Records from a data source
════
text \<open>
  Write \<open>B = b\<^sup>n\<close> and \<open>a = b - 1\<close>, so that \<open>c\<^sub>i = b\<^sup>i B + 1\<close> and the
  Frobenius number is \<open>F = a (B\<^sup>2 + B + 1)\<close>. A sum of \<open>k\<close> generators with exponents
  \<open>i\<^sub>1, \<dots>, i\<^sub>k\<close> equals \<open>k + B N\<close> with \<open>N = \<Sum> b^i\<^sub>j\<close>; here \<open>N \<ge> k\<close>,
  \<open>N \<equiv> k (mod a)\<close>, and \<open>N \<equiv> k (mod b)\<close> with \<open>k < b\<close> forces all exponents to vanish.
  As \<open>a\<close> is odd and \<open>B \<equiv> 1 (mod a)\<close>, the equation \<open>k + B N = F\<close> forces \<open>k = a\<close>
  and \<open>N = aB + a \<equiv> a (mod b)\<close>, which is impossible: \<open>F\<close> is a gap.

  Conversely, every \<open>m\<close> in \<open>(F, F + c\<^sub>0]\<close> is \<open>a c\<^sub>n + c\<^sub>1\<close> or \<open>a c\<^sub>n + s a + j c\<^sub>0\<close>
  with \<open>s < B\<close>, and \<open>a c\<^sub>n + s a\<close> lies in the semigroup because \<open>c\<^sub>i\<^sub>+\<^sub>1 + a = b c\<^sub>i\<close>.
  Adding multiples of \<open>c\<^sub>0\<close> then covers everything above \<open>F\<close>.
\<close>

lemma monoid_gen_add: "x \<in> monoid_gen A \<Longrightarrow> y \<in> monoid_gen A \<Longrightarrow> x + y \<in> monoid_gen A"
  by (induction x rule: monoid_gen.induct) (auto simp: add.assoc intro: monoid_gen.add)

lemma monoid_gen_generator: "a \<in> A \<Longrightarrow> a \<in> monoid_gen A"
  using monoid_gen.add[OF _ monoid_gen.zero] by simp

lemma monoid_gen_mult: "x \<in> monoid_gen A \<Longrightarrow> q * x \<in> monoid_gen A"
  by (induction q) (auto intro: monoid_gen_add monoid_gen.zero)

lemma SCplus_generator: "b ^ (n + i) + 1 \<in> SCplus b n"
  unfolding SCplus_def by (rule monoid_gen_generator) blast

lemma SCplus_add: "x \<in> SCplus b n \<Longrightarrow> y \<in> SCplus b n \<Longrightarrow> x + y \<in> SCplus b n"
  unfolding SCplus_def by (rule monoid_gen_add)

lemma SCplus_mult: "x \<in> SCplus b n \<Longrightarrow> q * x \<in> SCplus b n"
  unfolding SCplus_def by (rule monoid_gen_mult)

lemma SCplus_elem_exponents:
  assumes "m \<in> SCplus b n"
  obtains "is" where "m = length is + b ^ n * (\<Sum>i\<leftarrow>is. b ^ i)"
proof -
  from assms have "\<exists>is. m = length is + b ^ n * (\<Sum>i\<leftarrow>is. b ^ i)"
    unfolding SCplus_def
  proof (induction m rule: monoid_gen.induct)
    case zero
    show ?case by (intro exI[of _ "[]"]) simp
  next
    case (add g s)
    then obtain i "is" where "g = b ^ (n + i) + 1" and "s = length is + b ^ n * (\<Sum>i\<leftarrow>is. b ^ i)"
      by blast
    then show ?case by (intro exI[of _ "i # is"]) (simp add: algebra_simps power_add)
  qed
  with that show ?thesis by blast
qed

lemma Frobenius_eqI:
  fixes S :: "nat set"
  assumes "F \<notin> S" and "\<And>m. F < m \<Longrightarrow> m \<in> S"
  shows "Frobenius S = int F"
  unfolding Frobenius_def
proof (rule Greatest_equality)
  show "int F \<notin> int ` S" using assms(1) by auto
next
  fix z :: int
  assume "z \<notin> int ` S"
  show "z \<le> int F"
  proof (rule ccontr)
    assume "\<not> z \<le> int F"
    then have "F < nat z" and "z = int (nat z)" by linarith+
    then have "z \<in> int ` S" using assms(2) by blast
    with \<open>z \<notin> int ` S\<close> show False ..
  qed
qed

lemma Max_Apery_eqI:
  fixes S :: "nat set"
  assumes "F \<notin> S" and "\<And>m. F < m \<Longrightarrow> m \<in> S" and "0 < x"
  shows "Max (Apery S x) = F + x"
proof -
  have upper: "s \<le> F + x" if "s \<in> Apery S x" for s
  proof (rule ccontr)
    assume "\<not> s \<le> F + x"
    then have "s - x \<in> S" and "int (s - x) = int s - int x"
      using assms(2)[of "s - x"] by auto
    with that show False unfolding Apery_def by blast
  qed
  then have "finite (Apery S x)"
    by (meson finite_atMost finite_subset subsetI atMost_iff)
  moreover have "F + x \<in> Apery S x"
    using assms unfolding Apery_def by auto
  ultimately show ?thesis using upper by (intro Max_eqI)
qed

lemma above_in_if_window_in:
  fixes S :: "nat set"
  assumes "0 < x" and "\<And>m. m \<in> S \<Longrightarrow> x + m \<in> S"
    and "\<And>m. F < m \<Longrightarrow> m \<le> F + x \<Longrightarrow> m \<in> S"
  shows "F < m \<Longrightarrow> m \<in> S"
proof (induction m rule: less_induct)
  case (less m)
  show ?case
  proof (cases "m \<le> F + x")
    case True
    with less.prems show ?thesis by (rule assms(3))
  next
    case False
    then have "m - x \<in> S" using less assms(1) by simp
    then show ?thesis using assms(2)[of "m - x"] False by simp
  qed
qed

lemma power_cong_one_mod_pred:
  fixes b :: nat
  assumes "1 \<le> b"
  shows "[b ^ i = 1] (mod (b - 1))"
proof -
  have "[b = 1] (mod (b - 1))"
    using assms by (simp add: cong_def le_mod_geq)
  then show ?thesis using cong_pow by fastforce
qed

lemma length_le_power_sum_list:
  fixes b :: nat
  assumes "1 \<le> b"
  shows "length is \<le> (\<Sum>i\<leftarrow>is. b ^ i)"
proof (induction "is")
  case (Cons i "is")
  have "1 \<le> b ^ i" using assms by simp
  with Cons show ?case by simp
qed simp

lemma power_sum_list_cong_length:
  fixes b :: nat
  assumes "1 \<le> b"
  shows "[(\<Sum>i\<leftarrow>is. b ^ i) = length is] (mod (b - 1))"
proof (induction "is")
  case Nil
  show ?case by simp
next
  case (Cons i "is")
  from cong_add[OF power_cong_one_mod_pred[OF assms] Cons.IH] show ?case by simp
qed

lemma power_sum_list_eq_length:
  fixes b :: nat
  assumes "length is < b" and "[(\<Sum>i\<leftarrow>is. b ^ i) = length is] (mod b)"
  shows "(\<Sum>i\<leftarrow>is. b ^ i) = length is"
proof -
  define t where "t = length (filter (\<lambda>i. i = 0) is)"
  have "[(\<Sum>i\<leftarrow>is. b ^ i) = t] (mod b)"
    unfolding t_def
  proof (induction "is")
    case (Cons i "is")
    show ?case
    proof (cases i)
      case 0
      with cong_add[OF cong_refl[of 1] Cons.IH] show ?thesis by simp
    next
      case (Suc k)
      then have "[b ^ i = 0] (mod b)" by (simp add: cong_0_iff)
      with cong_add[OF this Cons.IH] Suc show ?thesis by simp
    qed
  qed simp
  then have "[t = length is] (mod b)"
    using assms(2) cong_sym cong_trans by blast
  moreover have "t \<le> length is" unfolding t_def by (rule length_filter_le)
  ultimately have "t = length is"
    using assms(1) cong_less_modulus_unique_nat by simp
  then have "filter (\<lambda>i. i \<noteq> 0) is = []"
    using sum_length_filter_compl[of "\<lambda>i. i = 0" "is"] by (simp add: t_def)
  then have "\<forall>i\<in>set is. i = 0" by (simp add: filter_empty_conv)
  then show ?thesis by (induction "is") auto
qed

lemma decomposition_odd_modulus_exists:
  fixes a B D :: nat
  assumes "odd a" and "[B = 1] (mod a)" and "a * B < D" and "D \<le> a * B + B"
  shows "\<exists>j s. s < B \<and> D = j * (B + 1) + s * a"
proof -
  \<comment> \<open>\<open>(a + 1) div 2\<close> inverts 2 modulo \<open>a\<close>, and \<open>B + 1 \<equiv> 2\<close>, so \<open>j\<close> solves \<open>j (B + 1) \<equiv> D\<close>\<close>
  define j0 where "j0 = D * ((a + 1) div 2) mod a"
  define j where "j = (if j0 = 0 then a else j0)"
  have a_pos: "0 < a" using \<open>odd a\<close> by (rule odd_pos)
  have j_bounds: "1 \<le> j" "j \<le> a"
    using a_pos by (auto simp: j_def j0_def)
  have "[j = D * ((a + 1) div 2)] (mod a)"
    by (auto simp: j_def j0_def cong_def)
  then have "[j * (B + 1) = D * ((a + 1) div 2) * (1 + 1)] (mod a)"
    using assms(2) by (intro cong_mult cong_add) auto
  also have "D * ((a + 1) div 2) * (1 + 1) = D * a + D"
    using \<open>odd a\<close> by (auto elim!: oddE simp: algebra_simps)
  also have "[\<dots> = D] (mod a)"
    by (simp add: cong_def)
  finally have cong_D: "[j * (B + 1) = D] (mod a)" .
  have j_upper: "j * (B + 1) < D + a"
  proof -
    have "j * (B + 1) \<le> a * (B + 1)" using j_bounds(2) by (rule mult_le_mono1)
    then show ?thesis using assms(3) by (simp add: algebra_simps)
  qed
  have "j * (B + 1) \<le> D"
  proof (rule ccontr)
    assume "\<not> j * (B + 1) \<le> D"
    then obtain q where "j * (B + 1) = q * a + D" and "q \<noteq> 0"
      using cong_D cong_le_nat[of D "j * (B + 1)" a] by force
    then show False using j_upper by (cases q) auto
  qed
  then obtain s where s: "D = s * a + j * (B + 1)"
    using cong_le_nat cong_D cong_sym by blast
  have "B + 1 \<le> j * (B + 1)" using mult_le_mono1[OF j_bounds(1), of "B + 1"] by simp
  then have "s * a < a * B" using s assms(4) by linarith
  then have "s < B" using a_pos by (simp add: mult.commute)
  then show ?thesis using s by (intro exI[of _ j] exI[of _ s]) simp
qed

lemma decomposition_odd_modulus_unique:
  fixes a B k N :: nat
  assumes "odd a" and "[B = 1] (mod a)" and "a < B" and "k \<le> N" and "[N = k] (mod a)"
    and sum: "k + B * N = a * B * B + a * B + a"
  shows "k = a \<and> N = a * B + a"
proof -
  have N_upper: "N \<le> a * B + a"
  proof (rule ccontr)
    assume "\<not> N \<le> a * B + a"
    then have "B * (a * B + a + 1) \<le> B * N" by (intro mult_le_mono2) simp
    then show False using sum \<open>a < B\<close> by (simp add: algebra_simps)
  qed
  have N_lower: "a * B < N"
  proof (rule ccontr)
    assume "\<not> a * B < N"
    then have "k \<le> a * B" and "B * N \<le> a * B * B"
      using \<open>k \<le> N\<close> mult_le_mono2[of N "a * B" B] by (auto simp: mult.commute)
    then show False using sum odd_pos[OF \<open>odd a\<close>] by linarith
  qed
  define j where "j = N - a * B"
  have N_eq: "N = a * B + j" and j_pos: "0 < j" and j_le: "j \<le> a"
    using N_upper N_lower by (auto simp: j_def)
  have k_eq: "k + B * j = a * (B + 1)"
    using sum N_eq by (simp add: algebra_simps)
  have "[k + j = k + B * j] (mod a)"
    using cong_scalar_right[OF assms(2), of j] by (simp add: cong_add_lcancel_nat cong_sym_eq)
  also have "[k + B * j = 0] (mod a)"
    unfolding k_eq by (simp add: cong_0_iff)
  finally have "[k + j = 0] (mod a)" .
  moreover have "[j = k] (mod a)"
  proof -
    have "[j = a * B + j] (mod a)" by (simp add: cong_def)
    also have "[a * B + j = k] (mod a)" using assms(5) by (simp add: N_eq)
    finally show ?thesis .
  qed
  ultimately have "[j + j = 0] (mod a)"
    by (metis cong_add cong_refl cong_trans add.commute)
  then have "a dvd 2 * j" by (simp add: cong_0_iff mult_2)
  then have "a dvd j"
    using \<open>odd a\<close> by (simp add: coprime_dvd_mult_right_iff coprime_commute odd_iff_mod_2_eq_one)
  then have "j = a" using j_pos j_le by (simp add: dvd_imp_le le_antisym)
  then show ?thesis using k_eq N_eq by (simp add: algebra_simps)
qed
════
The lines to copy are those above that contain the string "where".

  obtains "is" where "m = length is + b ^ n * (\<Sum>i\<leftarrow>is. b ^ i)"
    then obtain i "is" where "g = b ^ (n + i) + 1" and "s = length is + b ^ n * (\<Sum>i\<leftarrow>is. b ^ i)"
  define t where "t = length (filter (\<lambda>i. i = 0) is)"
  define j0 where "j0 = D * ((a + 1) div 2) mod a"
  define j where "j = (if j0 = 0 then a else j0)"
    then obtain q where "j * (B + 1) = q * a + D" and "q \<noteq> 0"
  then obtain s where s: "D = s * a + j * (B + 1)"
  define j where "j = N - a * B"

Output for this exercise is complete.